From the entries, copy each line that includes "noteq".

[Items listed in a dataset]
════

lemma Tmat_boundary_case_iff:
  fixes w2 a1 a2 a3 b1 b2 g :: complex and d1 d2 d4 :: real
  assumes d2: "d2 = 1 - (cmod w2)\<^sup>2" and d2_pos: "0 < d2" and a2: "(norm a2)\<^sup>2 = d2"
  shows "(- (a1 * cnj w2 + b1 * cnj a2) = 0 \<and> b2 = 0 \<and>
      psd2 (d1 - (cmod a1)\<^sup>2 - (cmod b1)\<^sup>2) g (d4 - (cmod a3)\<^sup>2))
    \<longleftrightarrow> ((norm a1)\<^sup>2 \<le> d1 * d2 \<and> (norm a3)\<^sup>2 \<le> d4 \<and> (norm a2)\<^sup>2 = d2 \<and>
      b1 = - (a1 * a2 * cnj w2) / complex_of_real d2 \<and> b2 = 0 \<and>
      (norm g)\<^sup>2 * d2 \<le> (d1 * d2 - (norm a1)\<^sup>2) * (d4 - (norm a3)\<^sup>2))"
proof -
  have a2_cnj: "a2 * cnj a2 = of_real d2"
    using a2 by (metis complex_norm_square)
  have "a2 \<noteq> 0" using a2 d2_pos by auto
  then have "- (a1 * cnj w2 + b1 * cnj a2) = 0 \<longleftrightarrow> a2 * (a1 * cnj w2 + b1 * cnj a2) = 0"
    by (metis mult_eq_0_iff neg_equal_0_iff_equal)
  also have "a2 * (a1 * cnj w2 + b1 * cnj a2) = a1 * a2 * cnj w2 + b1 * (a2 * cnj a2)"
    by (simp add: algebra_simps)
  finally have "- (a1 * cnj w2 + b1 * cnj a2) = 0 \<longleftrightarrow> b1 * of_real d2 + a1 * a2 * cnj w2 = 0"
    by (simp add: a2_cnj add.commute)
  moreover have d2_nz: "complex_of_real d2 \<noteq> 0" using d2_pos by simp
  then have "b1 = - (a1 * a2 * cnj w2) / of_real d2 \<longleftrightarrow> b1 * of_real d2 + a1 * a2 * cnj w2 = 0"
    unfolding nonzero_eq_divide_eq[OF d2_nz] by (simp only: eq_neg_iff_add_eq_0)
  ultimately have B_iff:
    "- (a1 * cnj w2 + b1 * cnj a2) = 0 \<longleftrightarrow> b1 = - (a1 * a2 * cnj w2) / of_real d2"
    by blast
  show ?thesis
  proof (cases "b1 = - (a1 * a2 * cnj w2) / of_real d2")
    case True
    then have "cmod b1 * d2 = cmod a1 * cmod a2 * cmod w2"
      using d2_pos by (simp add: norm_divide norm_mult)
    then have "(cmod b1)\<^sup>2 * d2\<^sup>2 = (cmod a1)\<^sup>2 * (cmod a2)\<^sup>2 * (cmod w2)\<^sup>2"
      by (metis power_mult_distrib)
    also have "\<dots> = (cmod a1)\<^sup>2 * d2 * (1 - d2)"
      using a2 d2 by simp
    finally have "(cmod b1)\<^sup>2 * d2\<^sup>2 = (cmod a1)\<^sup>2 * d2 * (1 - d2)" .
    then have "(cmod b1)\<^sup>2 * d2 = (cmod a1)\<^sup>2 * (1 - d2)"
      using d2_pos by (simp add: power2_eq_square)
    then have "d2 * (d1 - (cmod a1)\<^sup>2 - (cmod b1)\<^sup>2) = d1 * d2 - (cmod a1)\<^sup>2"
      by (simp add: algebra_simps)
    then have "psd2 (d1 - (cmod a1)\<^sup>2 - (cmod b1)\<^sup>2) g (d4 - (cmod a3)\<^sup>2) \<longleftrightarrow>
        0 \<le> d1 * d2 - (cmod a1)\<^sup>2 \<and> 0 \<le> d4 - (cmod a3)\<^sup>2 \<and>
        (cmod g)\<^sup>2 * d2 \<le> (d1 * d2 - (cmod a1)\<^sup>2) * (d4 - (cmod a3)\<^sup>2)"
      by (simp only: psd2_iff_scaled[OF d2_pos])
    then show ?thesis using True B_iff a2 by auto
  qed (use B_iff in simp)
qed

lemma Tmat_interior_case_iff:
  fixes w2 a1 a2 a3 b1 b2 g :: complex and d1 d2 d4 :: real
  assumes d2: "d2 = 1 - (cmod w2)\<^sup>2" and a2: "(norm a2)\<^sup>2 < d2"
  defines "A \<equiv> d1 - (cmod a1)\<^sup>2 - (cmod b1)\<^sup>2" and "B \<equiv> - (a1 * cnj w2 + b1 * cnj a2)"
    and "D \<equiv> d2 - (cmod a2)\<^sup>2" and "e \<equiv> d4 - (cmod a3)\<^sup>2"
  shows "psd2 (A * D - (cmod B)\<^sup>2) (g * of_real D - b2 * B) (e * D - (cmod b2)\<^sup>2) \<longleftrightarrow>
    ((norm a1)\<^sup>2 \<le> d1 * d2 \<and> (norm a3)\<^sup>2 \<le> d4 \<and> (norm a2)\<^sup>2 < d2 \<and>
      (norm (b1 * complex_of_real d2 + a1 * a2 * cnj w2))\<^sup>2
         \<le> (d1 * d2 - (norm a1)\<^sup>2) * (d2 - (norm a2)\<^sup>2) \<and>
      (norm b2)\<^sup>2 \<le> (d2 - (norm a2)\<^sup>2) * (d4 - (norm a3)\<^sup>2) \<and>
      (norm (g * complex_of_real (d2 - (norm a2)\<^sup>2) + b2 * (cnj w2 * a1 + cnj a2 * b1)))\<^sup>2 * d2
         \<le> ((d1 * d2 - (norm a1)\<^sup>2) * (d2 - (norm a2)\<^sup>2)
               - (norm (b1 * complex_of_real d2 + a1 * a2 * cnj w2))\<^sup>2)
           * ((d2 - (norm a2)\<^sup>2) * (d4 - (norm a3)\<^sup>2) - (norm b2)\<^sup>2))"
proof -
  have d2_pos: "0 < d2"
    using a2 by (meson le_less_trans zero_le_power2)
  have D: "0 < D"
    using a2 by (simp add: D_def)
  have reduced: "d2 * (A * D - (cmod B)\<^sup>2) = (d1 * d2 - (norm a1)\<^sup>2) * (d2 - (norm a2)\<^sup>2)
      - (norm (b1 * complex_of_real d2 + a1 * a2 * cnj w2))\<^sup>2"
    unfolding A_def B_def D_def d2 cmod_power2 by (simp add: algebra_simps power2_eq_square)
  have X: "g * of_real D - b2 * B
      = g * complex_of_real (d2 - (norm a2)\<^sup>2) + b2 * (cnj w2 * a1 + cnj a2 * b1)"
    by (simp add: D_def B_def algebra_simps)
  have a1: "(norm a1)\<^sup>2 \<le> d1 * d2"
    if "(norm (b1 * complex_of_real d2 + a1 * a2 * cnj w2))\<^sup>2
         \<le> (d1 * d2 - (norm a1)\<^sup>2) * (d2 - (norm a2)\<^sup>2)"
  proof -
    have "0 \<le> (d1 * d2 - (norm a1)\<^sup>2) * D"
      using that unfolding D_def by (meson order_trans zero_le_power2)
    then show ?thesis using D by (simp add: zero_le_mult_iff)
  qed
  have a3: "(norm a3)\<^sup>2 \<le> d4" if "(norm b2)\<^sup>2 \<le> D * e"
  proof -
    have "0 \<le> D * e" using that by (meson order_trans zero_le_power2)
    then show ?thesis using D by (simp add: e_def zero_le_mult_iff)
  qed
  show ?thesis
    unfolding psd2_iff_scaled[OF d2_pos] reduced X
    using a1 a3 a2 by (auto simp: D_def e_def mult.commute)
qed

theorem lemma2p2:
  fixes w1 w2 w4 a1 a2 a3 b1 b2 g :: complex
  assumes "norm w2 < 1" and "norm w1 \<le> 1" and "norm w4 \<le> 1"
  defines "d1 \<equiv> 1 - (norm w1)\<^sup>2" and "d2 \<equiv> 1 - (norm w2)\<^sup>2" and "d4 \<equiv> 1 - (norm w4)\<^sup>2"
  shows "contraction (Tmat w1 w2 w4 a1 a2 a3 b1 b2 g) \<longleftrightarrow>
    ( (norm a1)\<^sup>2 \<le> d1 * d2 \<and> (norm a3)\<^sup>2 \<le> d4 \<and> (norm a2)\<^sup>2 = d2 \<and>
      b1 = - (a1 * a2 * cnj w2) / complex_of_real d2 \<and> b2 = 0 \<and>
      (norm g)\<^sup>2 * d2 \<le> (d1 * d2 - (norm a1)\<^sup>2) * (d4 - (norm a3)\<^sup>2) )
    \<or>
    ( (norm a1)\<^sup>2 \<le> d1 * d2 \<and> (norm a3)\<^sup>2 \<le> d4 \<and> (norm a2)\<^sup>2 < d2 \<and>
      (norm (b1 * complex_of_real d2 + a1 * a2 * cnj w2))\<^sup>2
         \<le> (d1 * d2 - (norm a1)\<^sup>2) * (d2 - (norm a2)\<^sup>2) \<and>
      (norm b2)\<^sup>2 \<le> (d2 - (norm a2)\<^sup>2) * (d4 - (norm a3)\<^sup>2) \<and>
      (norm (g * complex_of_real (d2 - (norm a2)\<^sup>2) + b2 * (cnj w2 * a1 + cnj a2 * b1)))\<^sup>2 * d2
         \<le> ((d1 * d2 - (norm a1)\<^sup>2) * (d2 - (norm a2)\<^sup>2)
               - (norm (b1 * complex_of_real d2 + a1 * a2 * cnj w2))\<^sup>2)
           * ((d2 - (norm a2)\<^sup>2) * (d4 - (norm a3)\<^sup>2) - (norm b2)\<^sup>2) )"
  (is "?contraction \<longleftrightarrow> ?case_A \<or> ?case_B")
proof -
  have d2_pos: "0 < d2"
    using assms(1) unfolding d2_def by (simp add: power_less_one_iff abs_less_iff)
  define A where "A = d1 - (cmod a1)\<^sup>2 - (cmod b1)\<^sup>2"
  define B where "B = - (a1 * cnj w2 + b1 * cnj a2)"
  define D where "D = d2 - (cmod a2)\<^sup>2"
  define e where "e = d4 - (cmod a3)\<^sup>2"
  have contraction: "?contraction \<longleftrightarrow> 0 \<le> e \<and> psd2 A B D \<and>
      psd2 (e * A - (cmod g)\<^sup>2) (of_real e * B - g * cnj b2) (e * D - (cmod b2)\<^sup>2)"
    unfolding A_def B_def D_def e_def
    by (rule contraction_Tmat_iff_psd2) (simp_all add: d1_def d2_def d4_def)
  consider "D < 0" | "D = 0" | "0 < D" by linarith
  then show ?thesis
  proof cases
    case 1
    then show ?thesis by (simp add: contraction psd2_def D_def)
  next
    case 2
    then have "?contraction \<longleftrightarrow> B = 0 \<and> b2 = 0 \<and> psd2 A g e"
      using psd2_schur_zero_pivot[of e A B g b2] by (simp add: contraction)
    also have "\<dots> \<longleftrightarrow> ?case_A"
      unfolding A_def B_def e_def using 2 d2_pos
      by (intro Tmat_boundary_case_iff) (simp_all add: D_def d2_def)
    finally show ?thesis using 2 by (auto simp: D_def)
  next
    case 3
    then have "?contraction \<longleftrightarrow>
        psd2 (A * D - (cmod B)\<^sup>2) (g * of_real D - b2 * B) (e * D - (cmod b2)\<^sup>2)"
      by (simp add: contraction psd2_schur_pos_pivot)
    also have "\<dots> \<longleftrightarrow> ?case_B"
      unfolding A_def B_def D_def e_def using 3
      by (intro Tmat_interior_case_iff) (simp_all add: D_def d2_def)
    finally show ?thesis using 3 by (auto simp: D_def)
  qed
qed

════

• _Result of this exercise_
  have "a2 \<noteq> 0" using a2 d2_pos by auto
  moreover have d2_nz: "complex_of_real d2 \<noteq> 0" using d2_pos by simp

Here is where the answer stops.